My input data file is under the form:
gold, callersAtLeast1T, CalleesAtLeast1T, ...
T,1,1,1,1,0,0,0,0,0,0,0,0,0,0,0,0,0,0,0,0,0,0,0,0,0,0
N,0,0,0,0,1,1,1,1,0,0,0,0,0,0,0,0,0,0,0,0,0,0,0,0,0,0
N,0,0,0,0,1,1,1,1,0,0,0,0,0,0,0,0,0,0,0,0,0,0,0,0,0,0
N,0,0,0,0,1,1,1,1,0,0,0,0,0,0,0,0,0,0,0,0,0,0,0,0,0,0
I am trying to predict the first column (gold) based on the values of the remaining columns, here is the code that I am using:
import pandas as pd
import numpy as np
dataset = pd.read_csv( 'data1extended.txt', sep= ',')
#convert T into 1 and N into 0
dataset['gold'] = dataset['gold'].astype('category').cat.codes
print(dataset.head())
row_count, column_count = dataset.shape
X = dataset.iloc[:, 1:column_count].values
y = dataset.iloc[:, 0].values
from sklearn.model_selection import train_test_split
X_train, X_test, y_train, y_test = train_test_split(X, y, test_size=0.2, random_state=0)
from sklearn.preprocessing import StandardScaler
sc = StandardScaler()
X_train = sc.fit_transform(X_train)
X_test = sc.transform(X_test)
from sklearn.ensemble import RandomForestRegressor
regressor = RandomForestRegressor(n_estimators=20, random_state=0)
regressor.fit(X_train, y_train)
y_pred = regressor.predict(X_test)
from sklearn.metrics import classification_report, confusion_matrix, accuracy_score
print(confusion_matrix(y_test,y_pred))
print(classification_report(y_test,y_pred))
print(accuracy_score(y_test, y_pred))
The 3 last lines of my code cause an error, how to fix it?
This line causes the error:
print(confusion_matrix(y_test,y_pred))
I printed y_test and y_pred and here is what I obtained:
y_test is: [0 0 0 ... 0 0 0]
y_pred is: [0.0007123 0.00402548 0.00402548 ... 0.00402548 0.02651928 0.00816086]
You're using RandomForestRegressor which outputs continuous value output i.e. a real number whereas confusion matrix is expecting a category value output i.e. discrete number output 0,1,2 and so on.

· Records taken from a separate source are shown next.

lemma global_slope_le_iff:
  fixes w :: "'a::metric_space \<Rightarrow> real"
  shows "global_slope (\<lambda>z. ereal (w z)) x \<le> ereal g \<longleftrightarrow>
    0 \<le> g \<and> (\<forall>y. w x - w y \<le> g * dist x y)"
proof (cases "0 \<le> g")
  case True
  have slope_le: "max (ereal (w x - w y)) 0 / ereal (dist x y) \<le> ereal g \<longleftrightarrow>
      w x - w y \<le> g * dist x y" if "y \<noteq> x" for y
  proof -
    have d: "0 < dist x y"
      using that by simp
    have "max (ereal (w x - w y)) 0 / ereal (dist x y) = ereal (max (w x - w y) 0 / dist x y)"
      using d by (simp add: max_def)
    also have "\<dots> \<le> ereal g \<longleftrightarrow> max (w x - w y) 0 \<le> g * dist x y"
      using d by (simp add: divide_le_eq)
    also have "\<dots> \<longleftrightarrow> w x - w y \<le> g * dist x y"
      using d True by simp
    finally show ?thesis .
  qed
  have "global_slope (\<lambda>z. ereal (w z)) x \<le> ereal g \<longleftrightarrow>
      (\<forall>y. y \<noteq> x \<longrightarrow> max (ereal (w x) - ereal (w y)) 0 / ereal (dist x y) \<le> ereal g)"
    using True unfolding global_slope_def by (auto simp: Sup_le_iff)
  also have "\<dots> \<longleftrightarrow> (\<forall>y. y \<noteq> x \<longrightarrow> w x - w y \<le> g * dist x y)"
    by (simp add: slope_le)
  also have "\<dots> \<longleftrightarrow> (\<forall>y. w x - w y \<le> g * dist x y)"
    by (metis diff_self dist_self mult_zero_right order_refl)
  finally show ?thesis
    using True by simp
next
  case False
  then show ?thesis
    using global_slope_nonneg[of "\<lambda>z. ereal (w z)" x] by (auto dest: order_trans)
qed

text \<open>By \<open>subsolution_global_slope_le\<close>, the last conjunct says \<open>\<lambda> v + G[v] \<le> l\<close>.\<close>
definition is_subsolution :: "real \<Rightarrow> ('a::metric_space \<Rightarrow> real) \<Rightarrow> ('a \<Rightarrow> real) \<Rightarrow> bool" where
  "is_subsolution lam l v \<longleftrightarrow> (\<forall>x. 0 \<le> v x) \<and> lsc v \<and> (\<forall>e>0. \<exists>x. v x < e) \<and>
     (\<forall>x y. v x - v y \<le> (l x - lam * v x) * dist x y)"

lemma subsolution_zero:
  assumes "\<And>x. 0 \<le> l x"
  shows "is_subsolution lam l (\<lambda>x. 0)"
  unfolding is_subsolution_def lsc_def using assms by auto

lemma subsolution_slope_bound_nonneg:
  assumes v: "is_subsolution lam l v" and l: "0 \<le> l x"
  shows "0 \<le> l x - lam * v x"
proof (rule ccontr)
  assume neg: "\<not> 0 \<le> l x - lam * v x"
  have v_min: "v x \<le> v y" for y
  proof -
    have "v x - v y \<le> (l x - lam * v x) * dist x y"
      using v unfolding is_subsolution_def by blast
    also have "\<dots> \<le> 0"
      using neg by (simp add: mult_nonpos_nonneg)
    finally show ?thesis
      by simp
  qed
  have "v x \<le> 0"
  proof (rule field_le_epsilon)
    fix e :: real assume "0 < e"
    then obtain y where "v y < e"
      using v unfolding is_subsolution_def by blast
    then show "v x \<le> 0 + e"
      using v_min[of y] by simp
  qed
  then have "v x = 0"
    using v unfolding is_subsolution_def by (simp add: antisym)
  with neg l show False
    by simp
qed

lemma subsolution_global_slope_le:
  assumes "is_subsolution lam l v" "0 \<le> l x"
  shows "global_slope (\<lambda>z. ereal (v z)) x \<le> ereal (l x - lam * v x)"
  using assms subsolution_slope_bound_nonneg unfolding global_slope_le_iff is_subsolution_def by blast

lemma subsolution_le:
  assumes v: "is_subsolution lam l v" and "0 \<le> lam" "0 \<le> l x" "\<And>y. dist x y \<le> D"
  shows "v x \<le> l x * D"
proof (rule field_le_epsilon)
  fix e :: real assume "0 < e"
  then obtain y where y: "v y < e"
    using v unfolding is_subsolution_def by blast
  have "v x - v y \<le> (l x - lam * v x) * dist x y"
    using v unfolding is_subsolution_def by blast
  also have "\<dots> \<le> l x * dist x y"
    using assms v unfolding is_subsolution_def by (simp add: mult_right_mono)
  also have "\<dots> \<le> l x * D"
    using assms by (simp add: mult_left_mono)
  finally show "v x \<le> l x * D + e"
    using y by simp
qed

lemma solution_finite:
  assumes "0 \<le> lam" "is_solution lam l u"
  shows "u x = ereal (real_of_ereal (u x))"
proof -
  have "u x \<noteq> \<infinity>"
  proof
    assume "u x = \<infinity>"
    then have "ereal lam * u x + global_slope u x = \<infinity>"
      using assms(1) unfolding global_slope_def by (cases "lam = 0") auto
    then show False
      using assms(2) unfolding is_solution_def by simp
  qed
  moreover have "0 \<le> u x"
    using assms(2) unfolding is_solution_def by blast
  ultimately show ?thesis
    by (cases "u x") auto
qed

lemma solution_imp_subsolution:
  assumes lam: "0 \<le> lam" and u: "is_solution lam l u"
  shows "is_subsolution lam l (\<lambda>x. real_of_ereal (u x))"
proof -
  define w where "w x = real_of_ereal (u x)" for x
  have u_w: "u = (\<lambda>x. ereal (w x))"
    unfolding w_def using solution_finite[OF assms] by auto
  have w_nonneg: "0 \<le> w x" for x
    using u unfolding is_solution_def w_def by (simp add: real_of_ereal_pos)
  have "global_slope (\<lambda>z. ereal (w z)) x = ereal (l x - lam * w x)" for x
  proof -
    have "ereal (lam * w x) + global_slope (\<lambda>z. ereal (w z)) x = ereal (l x)"
      using u unfolding is_solution_def u_w by simp
    then show ?thesis
      using global_slope_nonneg[of "\<lambda>z. ereal (w z)" x]
      by (cases "global_slope (\<lambda>z. ereal (w z)) x") auto
  qed
  then have "w x - w y \<le> (l x - lam * w x) * dist x y" for x y
    using global_slope_le_iff[of w x] by (metis order_refl)
  moreover have "lsc w"
    using u unfolding is_solution_def u_w lsc_ereal_iff by blast
  moreover have "\<forall>e>0. \<exists>x. w x < e"
    using u unfolding is_solution_def u_w INF_ereal_eq_0_iff[OF w_nonneg] by blast
  ultimately show ?thesis
    using w_nonneg unfolding is_subsolution_def w_def by blast
qed

lemma subsolution_max_cone:
  fixes W :: "'a::metric_space \<Rightarrow> real" and x0 :: 'a and c k :: real
  defines "\<phi> \<equiv> \<lambda>y. c - k * dist x0 y"
  assumes W: "is_subsolution lam l W" and k: "0 \<le> k"
    and cone_slope: "\<And>y. W y < \<phi> y \<Longrightarrow> k \<le> l y - lam * \<phi> y"
    and cone_below: "\<And>e. 0 < e \<Longrightarrow> \<exists>y. \<phi> y \<le> W y \<and> W y < e"
  shows "is_subsolution lam l (\<lambda>y. max (W y) (\<phi> y))"
  unfolding is_subsolution_def
proof (intro conjI allI impI)
  fix x show "0 \<le> max (W x) (\<phi> x)"
    using W unfolding is_subsolution_def by (simp add: le_max_iff_disj)
next
  have "lsc \<phi>"
    unfolding \<phi>_def by (intro lsc_continuous continuous_intros)
  then show "lsc (\<lambda>y. max (W y) (\<phi> y))"
    using W unfolding is_subsolution_def by (intro lsc_max) auto
next
  fix e :: real assume "0 < e"
  then show "\<exists>x. max (W x) (\<phi> x) < e"
    using cone_below by (metis max.absorb1)
next
  fix x y
  show "max (W x) (\<phi> x) - max (W y) (\<phi> y) \<le> (l x - lam * max (W x) (\<phi> x)) * dist x y"
  proof (cases "\<phi> x \<le> W x")
    case True
    have "max (W x) (\<phi> x) - max (W y) (\<phi> y) \<le> W x - W y"
      using True by simp
    also have "\<dots> \<le> (l x - lam * W x) * dist x y"
      using W unfolding is_subsolution_def by blast
    finally show ?thesis
      using True by simp
  next
    case False
    have "max (W x) (\<phi> x) - max (W y) (\<phi> y) \<le> \<phi> x - \<phi> y"
      using False by simp
    also have "\<dots> \<le> k * dist x y"
      using mult_left_mono[OF dist_triangle[of x0 y x] k] unfolding \<phi>_def by (simp add: algebra_simps)
    also have "\<dots> \<le> (l x - lam * \<phi> x) * dist x y"
      using cone_slope[of x] False by (simp add: mult_right_mono)
    finally show ?thesis
      using False by simp
  qed
qed

definition sup_subsolution :: "real \<Rightarrow> ('a::metric_space \<Rightarrow> real) \<Rightarrow> 'a \<Rightarrow> real" where
  "sup_subsolution lam l x = (SUP v\<in>{v. is_subsolution lam l v}. v x)"

locale bounded_slope_problem =
  fixes lam :: real and l :: "'a::metric_space \<Rightarrow> real" and D :: real
  assumes lam_nonneg: "0 \<le> lam" and l_nonneg: "\<And>x. 0 \<le> l x" and l_lsc: "lsc l"
    and l_small: "\<And>e. 0 < e \<Longrightarrow> \<exists>x. l x < e"
    and D_pos: "0 < D" and dist_le_D: "\<And>x y :: 'a. dist x y \<le> D"
begin

lemma zero_is_subsolution: "is_subsolution lam l (\<lambda>x. 0)"
  using l_nonneg by (rule subsolution_zero)

lemma subsolution_le_D:
  assumes "is_subsolution lam l v"
  shows "v x \<le> l x * D"
  using assms lam_nonneg l_nonneg dist_le_D by (rule subsolution_le)

lemma bdd_above_subsolutions: "bdd_above ((\<lambda>v. v x) ` {v. is_subsolution lam l v})"
  using subsolution_le_D by (auto intro!: bdd_aboveI[where M = "l x * D"])

lemma subsolution_le_sup_subsolution:
  "is_subsolution lam l v \<Longrightarrow> v x \<le> sup_subsolution lam l x"
  unfolding sup_subsolution_def by (rule cSUP_upper[OF _ bdd_above_subsolutions]) simp

lemma sup_subsolution_least:
  "(\<And>v. is_subsolution lam l v \<Longrightarrow> v x \<le> c) \<Longrightarrow> sup_subsolution lam l x \<le> c"
  unfolding sup_subsolution_def using zero_is_subsolution by (intro cSUP_least) auto
text \<open>
  Let L be the lcm of the exponents of the proper non-abelian subgroups. As exp(G) is not L,
  some element y has order p^e with p^e not dividing L, and every proper subgroup containing an
  element whose order does not divide L is abelian. The core of the proof is that such an element
  y of prime power order is central. Otherwise its centralizer C is abelian and contains every
  proper subgroup through y, so either C is normal or C is self-normalizing. In the first case the
  Sylow p-subgroup P inside C is normal, and P T is a proper subgroup through y for each Sylow
  t-subgroup T with t different from p, because a third prime divides the order of G; hence T lies
  in C. In the second case P controls its own fusion, so Burnside's transfer theorem gives a normal
  p-complement, and a Frattini argument yields a Sylow t-subgroup normalized by y, which again lies
  in C. Thus C contains a Sylow subgroup for every prime and C = G.

  Applied to y and to the products w y, this shows that the Sylow p-subgroup P through y is central.
  Burnside's theorem gives a normal complement M; if M <y> were proper it would be abelian and then
  so would be G = M P. Hence P = <y> is cyclic, and every Sylow t-subgroup Q lies in the proper,
  hence abelian, subgroup Q <y>.
\<close>

section \<open>Conjugate subsets, centralizers and products of subgroups\<close>

context group begin

lemma inv_mult_cancel_left [simp]:
  "x \<in> carrier G \<Longrightarrow> y \<in> carrier G \<Longrightarrow> inv x \<otimes> (x \<otimes> y) = y"
  by (simp flip: m_assoc)

lemma mult_inv_cancel_left [simp]:
  "x \<in> carrier G \<Longrightarrow> y \<in> carrier G \<Longrightarrow> x \<otimes> (inv x \<otimes> y) = y"
  by (simp flip: m_assoc)

lemma comm_group_subgroup_iff:
  assumes "subgroup K G"
  shows "comm_group (G\<lparr>carrier := K\<rparr>) \<longleftrightarrow> (\<forall>a\<in>K. \<forall>b\<in>K. a \<otimes> b = b \<otimes> a)"
proof
  assume "comm_group (G\<lparr>carrier := K\<rparr>)"
  then interpret K: comm_group "G\<lparr>carrier := K\<rparr>" .
  show "\<forall>a\<in>K. \<forall>b\<in>K. a \<otimes> b = b \<otimes> a"
    using K.m_comm by simp
next
  assume "\<forall>a\<in>K. \<forall>b\<in>K. a \<otimes> b = b \<otimes> a"
  then show "comm_group (G\<lparr>carrier := K\<rparr>)"
    using subgroup_imp_group[OF assms] by (intro group.group_comm_groupI) auto
qed

lemma ord_subgroup:
  assumes "subgroup H G"
  shows "group.ord (G\<lparr>carrier := H\<rparr>) x = ord x"
  unfolding group.ord_def[OF subgroup_imp_group[OF assms]] ord_def by (simp add: nat_pow_def)

lemma card_subgroup_dvd:
  assumes "subgroup H G" "subgroup K G" "H \<subseteq> K"
  shows "card H dvd card K"
proof -
  interpret K: group "G\<lparr>carrier := K\<rparr>"
    using subgroup_imp_group[OF assms(2)] .
  have "card (rcosets\<^bsub>G\<lparr>carrier := K\<rparr>\<^esub> H) * card H = card K"
    using K.lagrange[OF subgroup_incl[OF assms]] by (simp add: order_def)
  then show ?thesis
    by (metis dvd_triv_right)
qed

definition centralizer :: "'a \<Rightarrow> 'a set" where
  "centralizer y = {x \<in> carrier G. x \<otimes> y = y \<otimes> x}"

lemma subgroup_centralizer:
  assumes "y \<in> carrier G"
  shows "subgroup (centralizer y) G"
proof (rule subgroupI)
  fix a assume "a \<in> centralizer y"
  then have a: "a \<in> carrier G" "a \<otimes> y = y \<otimes> a"
    by (auto simp: centralizer_def)
  have "inv a \<otimes> y = inv a \<otimes> (y \<otimes> a) \<otimes> inv a"
    using a assms by (simp add: m_assoc)
  also have "\<dots> = y \<otimes> inv a"
    using a assms by (simp flip: a(2) add: m_assoc)
  finally show "inv a \<in> centralizer y"
    using a by (simp add: centralizer_def)
next
  fix a b assume "a \<in> centralizer y" "b \<in> centralizer y"
  then show "a \<otimes> b \<in> centralizer y"
    using assms by (simp add: centralizer_def m_assoc) (metis m_assoc)
qed (use assms in \<open>auto simp: centralizer_def\<close>)

lemma conj_image: "g <# K #> h = (\<lambda>k. g \<otimes> k \<otimes> h) ` K"
  unfolding l_coset_def r_coset_def by auto

lemma subgroup_conj:
  assumes "subgroup K G" "g \<in> carrier G"
  shows "subgroup (g <# K #> inv g) G"
  using subgroup_conjugation_is_surj1[of "inv g" K] assms by simp

lemma card_conj:
  assumes "K \<subseteq> carrier G" "g \<in> carrier G"
  shows "card (g <# K #> inv g) = card K"
proof -
  have "inj_on (\<lambda>k. g \<otimes> k \<otimes> inv g) K"
    by (rule inj_onI) (use assms conjugation_is_inj in blast)
  then show ?thesis
    unfolding conj_image by (rule card_image)
qed

lemma conj_conj:
  assumes "K \<subseteq> carrier G" "a \<in> carrier G" "b \<in> carrier G"
  shows "a <# (b <# K #> inv b) #> inv a = (a \<otimes> b) <# K #> inv (a \<otimes> b)"
  unfolding conj_image image_image using assms
  by (intro image_cong) (auto simp: inv_mult_group m_assoc dest!: subsetD)

lemma mem_conj_iff:
  assumes "K \<subseteq> carrier G" "g \<in> carrier G" "x \<in> carrier G"
  shows "x \<in> g <# K #> inv g \<longleftrightarrow> inv g \<otimes> x \<otimes> g \<in> K"
proof
  assume "x \<in> g <# K #> inv g"
  then obtain k where k: "k \<in> K" "x = g \<otimes> k \<otimes> inv g"
    unfolding conj_image by auto
  then have "inv g \<otimes> x \<otimes> g = k"
    using assms by (auto simp: m_assoc)
  then show "inv g \<otimes> x \<otimes> g \<in> K"
    using k by simp
next
  assume "inv g \<otimes> x \<otimes> g \<in> K"
  moreover have "x = g \<otimes> (inv g \<otimes> x \<otimes> g) \<otimes> inv g"
    using assms by (simp add: m_assoc)
  ultimately show "x \<in> g <# K #> inv g"
    unfolding conj_image by blast
qed

lemma conj_central:
  assumes "K \<subseteq> carrier G" "g \<in> carrier G" "\<And>k. k \<in> K \<Longrightarrow> g \<otimes> k = k \<otimes> g"
  shows "g <# K #> inv g = K"
proof -
  have "g \<otimes> k \<otimes> inv g = k" if "k \<in> K" for k
    using assms that by (auto simp: m_assoc)
  then show ?thesis
    unfolding conj_image by simp
qed

lemma mem_normalizer_iff:
  assumes "K \<subseteq> carrier G"
  shows "g \<in> normalizer G K \<longleftrightarrow> g \<in> carrier G \<and> g <# K #> inv g = K"
  using assms by (simp add: normalizer_def stabilizer_def)
(* Consider a solution $(\Sigma_+,\mathcal{R}_1,\mathcal{R}_2,M,\psi,v)$, defined for all $\tau\ge\tau_0$, of the system \begin{align*} \Sigma_+' &= -(1-\Sigma_+^2)\Sigma_+ - \mathcal{R}_1 + (1+\Sigma_+)\mathcal{R}_2\cos 2\psi - \frac{4\Omega v^2}{3+v^2},\\ \mathcal{R}_1' &= 2\big[(1+\Sigma_+)\Sigma_+ + \mathcal{R}_2\cos 2\psi\big]\mathcal{R}_1 - 2(1+\Sigma_+)(\cos 2\psi)\mathcal{R}_2,\\ \mathcal{R}_2' &= 2\big[(1+\Sigma_+)\Sigma_+ + \mathcal{R}_2\cos 2\psi\big]\mathcal{R}_2 - 2(1+\Sigma_+)(\cos 2\psi)\mathcal{R}_1,\\ M' &= -\big[(1+\Sigma_+)^2 + \mathcal{R}_2\cos 2\psi + 3\mathcal{R}_2 M\sin 2\psi\big]M,\\ \psi' &= \frac{2}{M} + (1+\Sigma_+)\frac{\mathcal{R}_1}{\mathcal{R}_2}\sin 2\psi,\\ v' &= \frac{6}{3-v^2}\Sigma_+(1-v^2)v, \end{align*} with constraint $\mathcal{R}_1^2-\mathcal{R}_2^2-\left(\frac{4\Omega v}{3+v^2}\right)^2=0$, where $\Omega:=1-\Sigma_+^2-\mathcal{R}_1$ (so that $\Omega'=2\big[\Sigma_+^2+\mathcal{R}_2\cos2\psi+\frac{4v^2}{3+v^2}\Sigma_+\big]\Omega$). Then it is not possible that both \[ \lim_{\tau\to+\infty}\Omega=0\quad\text{and}\quad \lim_{\tau\to+\infty}\Sigma_+=\alpha\ \text{ for some } 0\le\alpha<1. \]
   Context: This system describes spatially homogeneous Bianchi type VII$_0$ cosmologies with a tilted irrotational radiation perfect fluid, zero cosmological constant, in Hubble-normalized variables with dimensionless time $\tau$; $'$ denotes $d/d\tau$. Here $\mathcal{R}_1,\mathcal{R}_2,\psi$ are rotation-invariant combinations of Hubble-normalized shear and curvature components with $\mathcal{R}_1>0$, $\mathcal{R}_2>0$, and $M=1/N_+$ with $N_+$ a Hubble-normalized spatial curvature variable; for these cosmologies it is a known standing fact, used by the paper, that $M\to0$ as $\tau\to+\infty$. *)

theory Defs
  imports Complex_Main
begin

definition Omega_of :: "real \<Rightarrow> real \<Rightarrow> real" where
  "Omega_of Sp R1 = 1 - Sp\<^sup>2 - R1"
(* Let $\omega\in\Omega^q(\log\mathscr{X}/\mathscr{C})$ and $\theta\in\mathrm{Der}(-\log\mathscr{X})$. Then the contraction $\langle\omega,\theta\rangle$ belongs to $\Omega^{q-1}(\log\mathscr{X}/\mathscr{C})$.
   Context: $V=\mathbb{C}^\ell$, $S=\mathbb{C}[x_1,\dots,x_\ell]$, $\Omega^q$ the module of polynomial $q$-forms. $\mathscr{X}$ is a central equidimensional subspace arrangement of codimension $k$ (finite set of linear subspaces of codimension $k$) with radical ideal $\mathcal{I}_\mathscr{X}$; $\mathscr{C}\supseteq\mathscr{X}$ is a reduced complete intersection subspace arrangement of codimension $k$ with $\mathcal{I}_\mathscr{C}=(h_1,\dots,h_k)$ radical, $h_1,\dots,h_k\in\mathcal{I}_\mathscr{X}$ a homogeneous regular sequence, $h=h_1\cdots h_k$. $\Omega^q(\log\mathscr{X}/\mathscr{C})=\{\omega\in\frac1h\Omega^q:\ \mathcal{I}_\mathscr{X}\omega\subseteq\frac1h\mathcal{I}_\mathscr{C}\Omega^q,\ d(\mathcal{I}_\mathscr{X})\wedge\omega\subseteq\frac1h\mathcal{I}_\mathscr{C}\Omega^{q+1}\}$. $\mathrm{Der}(-\log\mathscr{X})=\{\delta$ polynomial vector field : $\delta(\mathcal{I}_\mathscr{X})\subseteq\mathcal{I}_\mathscr{X}\}$. *)

theory Defs
  imports "HOL-Analysis.Analysis" "HOL-Library.Poly_Mapping"
begin

text \<open>Polynomials in S = C[x_i : i in 'n] (ell = CARD('n) variables), as finitely
  supported maps from exponent vectors (monomials) to coefficients.\<close>
type_synonym 'n mpoly = "('n \<Rightarrow>\<^sub>0 nat) \<Rightarrow>\<^sub>0 complex"

definition mp_eval :: "'n mpoly \<Rightarrow> complex ^ 'n \<Rightarrow> complex" where
  "mp_eval p v = (\<Sum>m\<in>Poly_Mapping.keys p. Poly_Mapping.lookup p m * (\<Prod>i\<in>Poly_Mapping.keys (m::'n \<Rightarrow>\<^sub>0 nat). (v $ i) ^ Poly_Mapping.lookup m i))"

definition mp_pderiv :: "'n \<Rightarrow> 'n mpoly \<Rightarrow> 'n mpoly" where
  "mp_pderiv i p = (\<Sum>m\<in>Poly_Mapping.keys p.
      Poly_Mapping.single (m - Poly_Mapping.single i 1) (Poly_Mapping.lookup p m * of_nat (Poly_Mapping.lookup m i)))"

definition mp_homogeneous :: "('n::finite) mpoly \<Rightarrow> bool" where
  "mp_homogeneous p \<longleftrightarrow> (\<exists>d. \<forall>m\<in>Poly_Mapping.keys p. (\<Sum>i\<in>UNIV. Poly_Mapping.lookup m i) = d)"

Since you're trying to predict classes i.e. either 1 or 0 you can do two things:
1.) Use RandomForestClassifier instead of RandomForestRegressor which will output 0 or 1 and you can use it for getting your metrics. (Recommended)
2.) If you want real valued output only, you can set a threshold i.e.
y_pred = (y_pred < threshold).astype(int)
This'll transform your output real number to 1 if the number is less than threshold else 1 and use it for getting your metrics.